┌──

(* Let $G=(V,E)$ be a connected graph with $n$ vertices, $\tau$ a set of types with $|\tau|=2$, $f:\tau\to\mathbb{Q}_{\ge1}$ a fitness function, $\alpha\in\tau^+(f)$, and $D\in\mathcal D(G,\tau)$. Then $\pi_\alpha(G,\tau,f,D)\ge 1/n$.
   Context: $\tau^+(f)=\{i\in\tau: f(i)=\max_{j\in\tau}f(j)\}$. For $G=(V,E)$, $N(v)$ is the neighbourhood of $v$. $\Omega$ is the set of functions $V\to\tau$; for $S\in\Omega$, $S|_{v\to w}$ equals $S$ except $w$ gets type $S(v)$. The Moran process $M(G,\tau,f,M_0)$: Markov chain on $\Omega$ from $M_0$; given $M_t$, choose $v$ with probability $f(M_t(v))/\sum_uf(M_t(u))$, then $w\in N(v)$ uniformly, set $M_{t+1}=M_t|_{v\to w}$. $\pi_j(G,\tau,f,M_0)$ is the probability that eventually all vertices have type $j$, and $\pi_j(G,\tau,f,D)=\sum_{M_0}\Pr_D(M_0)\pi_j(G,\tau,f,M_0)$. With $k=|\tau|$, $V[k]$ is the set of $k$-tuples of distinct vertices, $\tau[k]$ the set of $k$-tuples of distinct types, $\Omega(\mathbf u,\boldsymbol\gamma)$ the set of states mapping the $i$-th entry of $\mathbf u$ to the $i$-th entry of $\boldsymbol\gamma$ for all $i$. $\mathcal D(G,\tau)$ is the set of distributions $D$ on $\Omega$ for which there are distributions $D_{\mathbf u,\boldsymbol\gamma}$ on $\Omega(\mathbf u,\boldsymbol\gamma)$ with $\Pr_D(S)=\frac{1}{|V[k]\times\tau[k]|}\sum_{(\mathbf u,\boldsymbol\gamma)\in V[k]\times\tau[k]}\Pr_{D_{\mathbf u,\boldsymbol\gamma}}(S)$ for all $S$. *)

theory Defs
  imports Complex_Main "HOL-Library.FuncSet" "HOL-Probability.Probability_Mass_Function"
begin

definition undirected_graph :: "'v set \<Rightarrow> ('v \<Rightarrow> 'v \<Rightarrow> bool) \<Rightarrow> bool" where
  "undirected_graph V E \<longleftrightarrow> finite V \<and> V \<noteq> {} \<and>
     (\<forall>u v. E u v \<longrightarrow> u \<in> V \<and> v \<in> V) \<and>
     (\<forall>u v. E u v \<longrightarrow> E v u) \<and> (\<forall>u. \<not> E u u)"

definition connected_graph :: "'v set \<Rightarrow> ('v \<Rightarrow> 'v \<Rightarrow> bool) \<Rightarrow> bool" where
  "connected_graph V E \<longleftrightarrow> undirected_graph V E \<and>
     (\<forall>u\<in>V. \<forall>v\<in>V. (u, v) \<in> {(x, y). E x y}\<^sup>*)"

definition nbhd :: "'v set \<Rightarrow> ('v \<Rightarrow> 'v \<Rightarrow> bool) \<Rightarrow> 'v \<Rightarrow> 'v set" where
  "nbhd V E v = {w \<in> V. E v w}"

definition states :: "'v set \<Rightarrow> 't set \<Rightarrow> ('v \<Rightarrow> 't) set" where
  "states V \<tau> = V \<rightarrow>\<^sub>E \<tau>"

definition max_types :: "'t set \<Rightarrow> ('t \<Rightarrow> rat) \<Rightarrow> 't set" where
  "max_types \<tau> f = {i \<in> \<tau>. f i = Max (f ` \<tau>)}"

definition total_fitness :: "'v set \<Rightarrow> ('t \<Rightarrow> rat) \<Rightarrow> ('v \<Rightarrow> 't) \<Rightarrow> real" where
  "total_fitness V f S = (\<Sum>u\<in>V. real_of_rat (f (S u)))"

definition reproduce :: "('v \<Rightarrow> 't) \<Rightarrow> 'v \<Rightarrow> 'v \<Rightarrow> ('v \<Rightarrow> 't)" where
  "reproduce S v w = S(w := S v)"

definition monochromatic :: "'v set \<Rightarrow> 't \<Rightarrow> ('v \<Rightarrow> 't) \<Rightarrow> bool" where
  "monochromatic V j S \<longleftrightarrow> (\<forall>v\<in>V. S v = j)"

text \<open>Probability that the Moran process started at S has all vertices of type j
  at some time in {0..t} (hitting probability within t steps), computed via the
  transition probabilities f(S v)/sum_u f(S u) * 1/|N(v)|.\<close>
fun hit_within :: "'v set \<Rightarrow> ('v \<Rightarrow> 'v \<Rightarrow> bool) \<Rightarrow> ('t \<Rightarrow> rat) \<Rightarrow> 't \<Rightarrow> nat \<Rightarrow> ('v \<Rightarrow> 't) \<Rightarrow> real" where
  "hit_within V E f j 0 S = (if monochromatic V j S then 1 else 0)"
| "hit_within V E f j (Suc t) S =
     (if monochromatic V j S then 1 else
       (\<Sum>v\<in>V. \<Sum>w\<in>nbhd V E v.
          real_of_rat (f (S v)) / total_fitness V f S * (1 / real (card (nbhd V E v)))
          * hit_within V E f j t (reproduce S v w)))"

└──
┌──

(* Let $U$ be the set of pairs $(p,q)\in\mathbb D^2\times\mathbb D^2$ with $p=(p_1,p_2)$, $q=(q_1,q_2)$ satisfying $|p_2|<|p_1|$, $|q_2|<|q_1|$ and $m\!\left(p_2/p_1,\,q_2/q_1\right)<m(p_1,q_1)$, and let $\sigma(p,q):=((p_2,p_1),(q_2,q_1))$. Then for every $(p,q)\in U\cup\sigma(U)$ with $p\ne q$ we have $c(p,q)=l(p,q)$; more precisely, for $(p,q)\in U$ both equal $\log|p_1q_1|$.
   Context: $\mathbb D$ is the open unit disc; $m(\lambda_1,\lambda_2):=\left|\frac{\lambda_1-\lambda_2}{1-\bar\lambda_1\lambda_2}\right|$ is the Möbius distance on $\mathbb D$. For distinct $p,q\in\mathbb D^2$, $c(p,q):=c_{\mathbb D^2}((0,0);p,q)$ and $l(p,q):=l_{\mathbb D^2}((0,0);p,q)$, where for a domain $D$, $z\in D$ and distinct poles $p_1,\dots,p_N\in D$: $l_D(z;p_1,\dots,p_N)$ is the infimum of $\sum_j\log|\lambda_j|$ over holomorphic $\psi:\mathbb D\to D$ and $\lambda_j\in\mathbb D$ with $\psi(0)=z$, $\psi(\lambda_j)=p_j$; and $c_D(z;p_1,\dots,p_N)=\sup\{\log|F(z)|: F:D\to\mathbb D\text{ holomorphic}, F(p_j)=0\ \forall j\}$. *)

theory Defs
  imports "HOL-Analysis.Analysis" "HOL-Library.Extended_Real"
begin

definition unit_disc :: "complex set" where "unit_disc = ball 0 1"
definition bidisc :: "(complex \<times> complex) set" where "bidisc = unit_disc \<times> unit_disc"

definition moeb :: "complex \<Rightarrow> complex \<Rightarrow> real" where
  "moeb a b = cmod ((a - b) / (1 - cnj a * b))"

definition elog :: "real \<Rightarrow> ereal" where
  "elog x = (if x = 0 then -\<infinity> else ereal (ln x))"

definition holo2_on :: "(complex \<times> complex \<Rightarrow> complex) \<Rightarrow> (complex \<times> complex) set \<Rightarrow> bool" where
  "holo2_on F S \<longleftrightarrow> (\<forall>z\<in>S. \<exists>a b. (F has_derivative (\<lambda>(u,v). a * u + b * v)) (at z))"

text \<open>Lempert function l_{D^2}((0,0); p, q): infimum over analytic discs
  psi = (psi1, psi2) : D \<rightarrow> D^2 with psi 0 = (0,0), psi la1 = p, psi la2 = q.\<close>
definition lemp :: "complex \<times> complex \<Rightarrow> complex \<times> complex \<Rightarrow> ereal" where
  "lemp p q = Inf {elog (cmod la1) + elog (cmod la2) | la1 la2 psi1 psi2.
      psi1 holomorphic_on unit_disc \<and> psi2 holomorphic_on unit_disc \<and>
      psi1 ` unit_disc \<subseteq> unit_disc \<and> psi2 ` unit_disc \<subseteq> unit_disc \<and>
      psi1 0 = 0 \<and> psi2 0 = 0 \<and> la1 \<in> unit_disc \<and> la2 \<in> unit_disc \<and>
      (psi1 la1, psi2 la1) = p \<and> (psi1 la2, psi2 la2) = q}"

└──
┌──

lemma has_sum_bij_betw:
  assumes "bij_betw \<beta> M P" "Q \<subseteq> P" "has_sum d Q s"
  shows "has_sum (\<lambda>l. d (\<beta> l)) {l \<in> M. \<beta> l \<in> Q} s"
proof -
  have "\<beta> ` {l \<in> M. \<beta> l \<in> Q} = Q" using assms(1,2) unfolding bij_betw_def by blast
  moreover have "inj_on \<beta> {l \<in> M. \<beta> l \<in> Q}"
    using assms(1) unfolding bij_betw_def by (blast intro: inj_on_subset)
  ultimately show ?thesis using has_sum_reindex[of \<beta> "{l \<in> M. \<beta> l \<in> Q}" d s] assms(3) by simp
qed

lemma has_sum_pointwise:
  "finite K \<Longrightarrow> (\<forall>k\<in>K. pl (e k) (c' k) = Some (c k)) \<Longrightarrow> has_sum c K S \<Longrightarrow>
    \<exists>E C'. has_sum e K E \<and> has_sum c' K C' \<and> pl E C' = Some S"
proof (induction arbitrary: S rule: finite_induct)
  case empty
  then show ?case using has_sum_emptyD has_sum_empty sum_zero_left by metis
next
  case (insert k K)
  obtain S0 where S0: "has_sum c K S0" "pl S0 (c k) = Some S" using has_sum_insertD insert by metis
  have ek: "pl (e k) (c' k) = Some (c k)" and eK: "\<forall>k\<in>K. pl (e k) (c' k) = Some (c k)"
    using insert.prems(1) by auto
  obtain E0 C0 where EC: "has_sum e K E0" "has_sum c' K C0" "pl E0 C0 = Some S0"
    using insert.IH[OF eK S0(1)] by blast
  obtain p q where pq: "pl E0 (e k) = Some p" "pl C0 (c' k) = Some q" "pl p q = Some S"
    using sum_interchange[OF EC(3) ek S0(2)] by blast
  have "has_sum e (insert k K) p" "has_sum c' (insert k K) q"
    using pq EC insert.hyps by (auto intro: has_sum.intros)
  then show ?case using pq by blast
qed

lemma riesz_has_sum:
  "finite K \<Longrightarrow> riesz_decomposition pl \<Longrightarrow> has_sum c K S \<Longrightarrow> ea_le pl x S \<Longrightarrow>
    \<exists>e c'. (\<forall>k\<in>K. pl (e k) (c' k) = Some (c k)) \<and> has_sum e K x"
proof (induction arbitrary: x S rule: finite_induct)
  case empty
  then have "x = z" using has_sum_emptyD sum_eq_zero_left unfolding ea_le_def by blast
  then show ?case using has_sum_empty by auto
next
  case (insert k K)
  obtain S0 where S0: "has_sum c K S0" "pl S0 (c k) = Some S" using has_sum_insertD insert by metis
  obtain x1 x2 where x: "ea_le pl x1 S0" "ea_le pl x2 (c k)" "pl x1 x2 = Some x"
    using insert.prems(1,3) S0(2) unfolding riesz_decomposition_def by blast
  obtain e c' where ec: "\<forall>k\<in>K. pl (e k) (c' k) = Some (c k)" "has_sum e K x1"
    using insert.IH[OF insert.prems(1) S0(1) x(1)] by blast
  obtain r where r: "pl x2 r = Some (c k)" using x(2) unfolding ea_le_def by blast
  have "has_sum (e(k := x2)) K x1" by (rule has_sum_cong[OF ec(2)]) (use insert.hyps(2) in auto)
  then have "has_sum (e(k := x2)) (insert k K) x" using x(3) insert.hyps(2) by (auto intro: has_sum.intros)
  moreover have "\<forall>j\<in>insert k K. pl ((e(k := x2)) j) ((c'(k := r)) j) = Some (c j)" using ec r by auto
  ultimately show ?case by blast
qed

└──

**Goal of the exercise**. Using only the listing above, restate exactly the lines from the line containing "psi1 holomorphic_on unit_disc" through the line containing "(psi1 la1, psi2", both included.

**Response to this task**.
      psi1 holomorphic_on unit_disc \<and> psi2 holomorphic_on unit_disc \<and>
      psi1 ` unit_disc \<subseteq> unit_disc \<and> psi2 ` unit_disc \<subseteq> unit_disc \<and>
      psi1 0 = 0 \<and> psi2 0 = 0 \<and> la1 \<in> unit_disc \<and> la2 \<in> unit_disc \<and>
      (psi1 la1, psi2 la1) = p \<and> (psi1 la2, psi2 la2) = q}"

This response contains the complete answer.